For this Please see my Previous post

https://panchaleswar.wordpress.com/2013/12/22/learning-hadoop-video-series-1/

3.Download and Install Java 6.

We need to Install Java.As java 6 is fully supported for hadoop so I am going use it,but one can try with java 7 also if needed.

See my previous post to install Java on CentOS.
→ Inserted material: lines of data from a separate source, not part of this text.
lemma sgrad_error_le:
  fixes H :: "nat \<Rightarrow> real^'d::finite \<Rightarrow> real^'e::finite^'n::finite"
    and G :: "nat \<Rightarrow> real^'e^'n" and pb :: "'d \<Rightarrow> nat" and cb :: "'e \<Rightarrow> nat"
  assumes pb_range: "\<And>j. pb j \<le> K"
    and H_cols: "\<And>k i c. k \<le> K \<Longrightarrow> cb c \<noteq> k \<Longrightarrow> H k x $ i $ c = 0"
    and G_cols: "\<And>k i c. k \<le> K \<Longrightarrow> cb c \<noteq> k \<Longrightarrow> G k $ i $ c = 0"
    and DH_cols: "\<And>k h i c. k \<le> K \<Longrightarrow> cb c \<noteq> k \<Longrightarrow> DH k x h $ i $ c = 0"
    and DH_bound: "\<And>k. k \<le> K \<Longrightarrow> hs_norm (DH k x) \<le> Hb"
    and smooth: "\<And>U V. norm (gPhi U - gPhi V) \<le> L * norm (U - V)"
  shows "(norm (sgrad K pb cb H DH gPhi UNIV G x
                 - (\<chi> j. DH (pb j) x (axis j 1) \<bullet> gPhi (\<Sum>k\<le>K. H k x))))\<^sup>2
           \<le> real K * Hb\<^sup>2 * L\<^sup>2 * (\<Sum>k\<le>K. (norm (G k - H k x))\<^sup>2)"
proof -
  define U where "U = (\<Sum>k\<le>K. H k x)"
  define A where "A k = H k x + (\<Sum>l\<in>{0..K} - {k}. G l)" for k
  define W where "W k = gPhi (A k) - gPhi U" for k
  define V where "V j = DH (pb j) x (axis j 1)" for j
  define d where "d l = (norm (G l - H l x))\<^sup>2" for l
  have err_nth: "(sgrad K pb cb H DH gPhi UNIV G x - (\<chi> j. V j \<bullet> gPhi U)) $ j = W (pb j) \<bullet> V j" for j
    using sgrad_nth[of cb pb j DH x] DH_cols pb_range
    by (simp add: W_def A_def V_def inner_diff_left inner_commute[of "DH (pb j) x (axis j 1)"])
  have V_block: "(\<Sum>j\<in>{j\<in>UNIV. pb j = k}. (norm (V j))\<^sup>2) \<le> Hb\<^sup>2" if "k \<le> K" for k
  proof -
    have "(\<Sum>j\<in>{j\<in>UNIV. pb j = k}. (norm (V j))\<^sup>2) = (\<Sum>j\<in>{j. pb j = k}. (norm (DH k x (axis j 1)))\<^sup>2)"
      by (intro sum.cong) (auto simp: V_def)
    also have "\<dots> \<le> (hs_norm (DH k x))\<^sup>2"
      by (rule sum_power2_norm_axis_le_hs_norm)
    also have "\<dots> \<le> Hb\<^sup>2"
      using DH_bound[OF that] by (intro power_mono) (auto simp: hs_norm_def sum_nonneg)
    finally show ?thesis .
  qed
  have W_le: "(norm (W k))\<^sup>2 \<le> L\<^sup>2 * (\<Sum>l\<in>{..K} - {k}. d l)" if "k \<le> K" for k
  proof -
    have "U = H k x + (\<Sum>l\<in>{..K} - {k}. H l x)"
      unfolding U_def using sum.remove[of "{..K}" k] that by auto
    then have "A k - U = (\<Sum>l\<in>{..K} - {k}. G l - H l x)"
      by (simp add: A_def atLeast0AtMost sum_subtractf)
    then have A_U: "(norm (A k - U))\<^sup>2 = (\<Sum>l\<in>{..K} - {k}. d l)"
      unfolding d_def by (auto intro: norm_sum_column_blocks[where cb = cb] simp: G_cols H_cols)
    have "(norm (W k))\<^sup>2 \<le> (L * norm (A k - U))\<^sup>2"
      unfolding W_def by (rule power_mono[OF smooth norm_ge_zero])
    also have "\<dots> = L\<^sup>2 * (\<Sum>l\<in>{..K} - {k}. d l)"
      by (simp add: power_mult_distrib A_U)
    finally show ?thesis .
  qed
  have "(norm (sgrad K pb cb H DH gPhi UNIV G x - (\<chi> j. V j \<bullet> gPhi U)))\<^sup>2
          = (\<Sum>j\<in>UNIV. ((sgrad K pb cb H DH gPhi UNIV G x - (\<chi> j. V j \<bullet> gPhi U)) $ j)\<^sup>2)"
    by (simp add: norm_vec_def L2_set_def sum_nonneg)
  also have "\<dots> = (\<Sum>j\<in>UNIV. (W (pb j) \<bullet> V j)\<^sup>2)"
    by (simp only: err_nth)
  also have "\<dots> \<le> Hb\<^sup>2 * (\<Sum>k\<le>K. (norm (W k))\<^sup>2)"
    using pb_range V_block by (intro sum_power2_inner_blocks_le) auto
  also have "\<dots> \<le> Hb\<^sup>2 * (\<Sum>k\<le>K. L\<^sup>2 * (\<Sum>l\<in>{..K} - {k}. d l))"
    using W_le by (intro mult_left_mono sum_mono) auto
  also have "\<dots> = real K * Hb\<^sup>2 * L\<^sup>2 * (\<Sum>k\<le>K. d k)"
    by (simp add: sum_distrib_left[symmetric] sum_sum_Diff_singleton)
  finally show ?thesis by (simp add: U_def V_def d_def)
qed

theorem lemma1:
  fixes K :: nat
    and pb :: "'d::finite \<Rightarrow> nat"
    and cb :: "'e::finite \<Rightarrow> nat"
    and H :: "nat \<Rightarrow> real^'d \<Rightarrow> real^'e^'n::finite"
    and DH :: "nat \<Rightarrow> real^'d \<Rightarrow> real^'d \<Rightarrow> real^'e^'n"
    and Phi :: "real^'e^'n \<Rightarrow> real"
    and gPhi :: "real^'e^'n \<Rightarrow> real^'e^'n"
    and PhiB :: "'n set \<Rightarrow> real^'e^'n \<Rightarrow> real"
    and gPhiB :: "'n set \<Rightarrow> real^'e^'n \<Rightarrow> real^'e^'n"
    and Bs :: "nat \<Rightarrow> 'n set"
    and Bsz :: nat
    and Cr :: "nat \<Rightarrow> nat \<Rightarrow> real^'e^'n \<Rightarrow> real^'e^'n"
    and eta L Hb :: real
    and x :: "nat \<Rightarrow> real^'d"
    and G :: "nat \<Rightarrow> nat \<Rightarrow> real^'e^'n"
    and t :: nat
  assumes K_ge: "K \<ge> 1"
    and pb_range: "\<forall>j. pb j \<le> K"
    and cb_range: "\<forall>c. cb c \<le> K"
    and H_local: "\<forall>k\<le>K. \<forall>y z. (\<forall>j. pb j = k \<longrightarrow> y $ j = z $ j) \<longrightarrow> H k y = H k z"
    and H_cols: "\<forall>k\<le>K. \<forall>y i c. cb c \<noteq> k \<longrightarrow> H k y $ i $ c = 0"
    and H_diff: "\<forall>k\<le>K. \<forall>y. (H k has_derivative DH k y) (at y)"
    and H_bound: "\<forall>k\<le>K. \<forall>y. hs_norm (DH k y) \<le> Hb"
    and Phi_grad: "\<forall>U. GDERIV Phi U :> gPhi U"
    and Phi_smooth: "\<forall>U V. norm (gPhi U - gPhi V) \<le> L * norm (U - V)"
    and PhiB_rows: "\<forall>S U V. (\<forall>i\<in>S. U $ i = V $ i) \<longrightarrow> PhiB S U = PhiB S V"
    and PhiB_grad: "\<forall>S U. GDERIV (PhiB S) U :> gPhiB S U"
    and batch: "\<forall>s. card (Bs s) = Bsz"
    and G_init: "\<forall>k\<le>K. G 0 k = mask cb k (Cr 0 k (H k (x 0)))"
    and x_step: "\<forall>s. x (Suc s) = x s - eta *\<^sub>R sgrad K pb cb H DH (gPhiB (Bs s)) (Bs s) (G s) (x s)"
    and G_step: "\<forall>s. \<forall>k\<le>K. G (Suc s) k = G s k + mask cb k (Cr (Suc s) k (H k (x (Suc s)) - G s k))"
  shows "(\<exists>D. GDERIV (\<lambda>y. Phi (\<Sum>k\<le>K. H k y)) (x t) :> D) \<and>
         (\<forall>D. GDERIV (\<lambda>y. Phi (\<Sum>k\<le>K. H k y)) (x t) :> D \<longrightarrow>
            (norm (sgrad K pb cb H DH gPhi UNIV (G t) (x t) - D))\<^sup>2
              \<le> real K * Hb\<^sup>2 * L\<^sup>2 * (\<Sum>k\<le>K. (norm (G t k - H k (x t)))\<^sup>2))"
proof -
  have G_cols: "\<forall>k\<le>K. \<forall>i c. cb c \<noteq> k \<longrightarrow> G s k $ i $ c = 0" for s
    by (induction s) (use G_init G_step in \<open>auto simp: mask_def\<close>)
  have DH_cols: "DH k y h $ i $ c = 0" if "k \<le> K" "cb c \<noteq> k" for k y h i c
    using has_derivative_vanishing_entry[of "H k" i c] H_cols H_diff that by blast
  have grad: "GDERIV (\<lambda>y. Phi (\<Sum>k\<le>K. H k y)) (x t)
                :> (\<chi> j. DH (pb j) (x t) (axis j 1) \<bullet> gPhi (\<Sum>k\<le>K. H k (x t)))"
    using pb_range H_local H_diff Phi_grad by (intro GDERIV_compose_sum_blocks) auto
  have "(norm (sgrad K pb cb H DH gPhi UNIV (G t) (x t)
                - (\<chi> j. DH (pb j) (x t) (axis j 1) \<bullet> gPhi (\<Sum>k\<le>K. H k (x t)))))\<^sup>2
          \<le> real K * Hb\<^sup>2 * L\<^sup>2 * (\<Sum>k\<le>K. (norm (G t k - H k (x t)))\<^sup>2)"
    using pb_range H_cols G_cols DH_cols H_bound Phi_smooth by (intro sgrad_error_le) auto
  with grad show ?thesis
    using GDERIV_unique by blast
qed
https://panchaleswar.wordpress.com/2013/12/22/learning-hadoop-video-series-2-installing-java-on-centos-vm/

4.Create a Dedicated Hadoop group : hadoop

#groupadd hadoop

5.Create a dedicated hadoop user : hduser and add the the hadoop group

If creating a new user then use

# useradd hduser -g hadoop

if changing existing user then use

# usermod -g hadoop hduser

6.Configure ssh to Use Public/Private Keys for Authentication .

#ssh-keygen -t rsa

This will create two files in your (hidden) ~/.ssh directory called: id_rsa and id_rsa.pub
The first: id_rsa is your private key and the other: id_rsa.pub is your public key.

Now set permissions on your private key:

$ chmod 700 ~/.ssh
$ chmod 600 ~/.ssh/id_rsa

Copy the public key (id_rsa.pub) to the server and install it to the authorized_keys list:

$ cat id_rsa.pub >> ~/.ssh/authorized_keys

and finally set file permissions on the server:

$ chmod 700 ~/.ssh
$ chmod 600 ~/.ssh/authorized_keys

The above permissions are required if StrictModes is set to yes in /etc/ssh/sshd_config (the default).

Ensure the correct SELinux contexts are set:

$ restorecon -Rv ~/.ssh

7.Download Hadoop and extract it to defined directory.

$ wget http://www.interior-dsgn.com/apache/hadoop/common/hadoop-2.2.0/hadoop-2.2.0.tar.gz

Be user root and do the following.

$ mv /home/hduser/hadoop-2.2.0.tar.gz /usr/local

$ tar -xvzf hadoop-2.2.0.tar.gz

8.Setup Environment Variables in /etc/profile

The following Environment Variable has to be set.Setup the Environment Variables in /etc/profile so that it ll be available to all the users.

#vi /etc/profile and add the following line to it.

export JAVA_HOME=/usr/local/jdk1.6.0_45
export ANT_HOME=/usr/local/apache-ant-1.9.2
export HADOOP_HOME=/usr/local/hadoop-2.2.0
export HADOOP_MAPRED_HOME=$HADOOP_HOME
export HADOOP_COMMON_HOME=$HADOOP_HOME
export HADOOP_HDFS_HOME=$HADOOP_HOME
export YARN_HOME=$HADOOP_HOME

export PATH=$PATH:$JAVA_HOME/bin:$ANT_HOME/bin:$HADOOP_HOME/bin:$HADOOP_HOME/sbin
export CLASSPATH=$CLASSPATH:$JAVA_HOME/lib/dt.jar:$JAVA_HOME/lib/tools.jar

$ sudo chown -R hduser:hadoop /usr/local/hadoop-2.2.0
$ sudo chmod -R 755 /usr/local/hadoop-2.2.0

Now logout of root and relogin to the VM as hduser.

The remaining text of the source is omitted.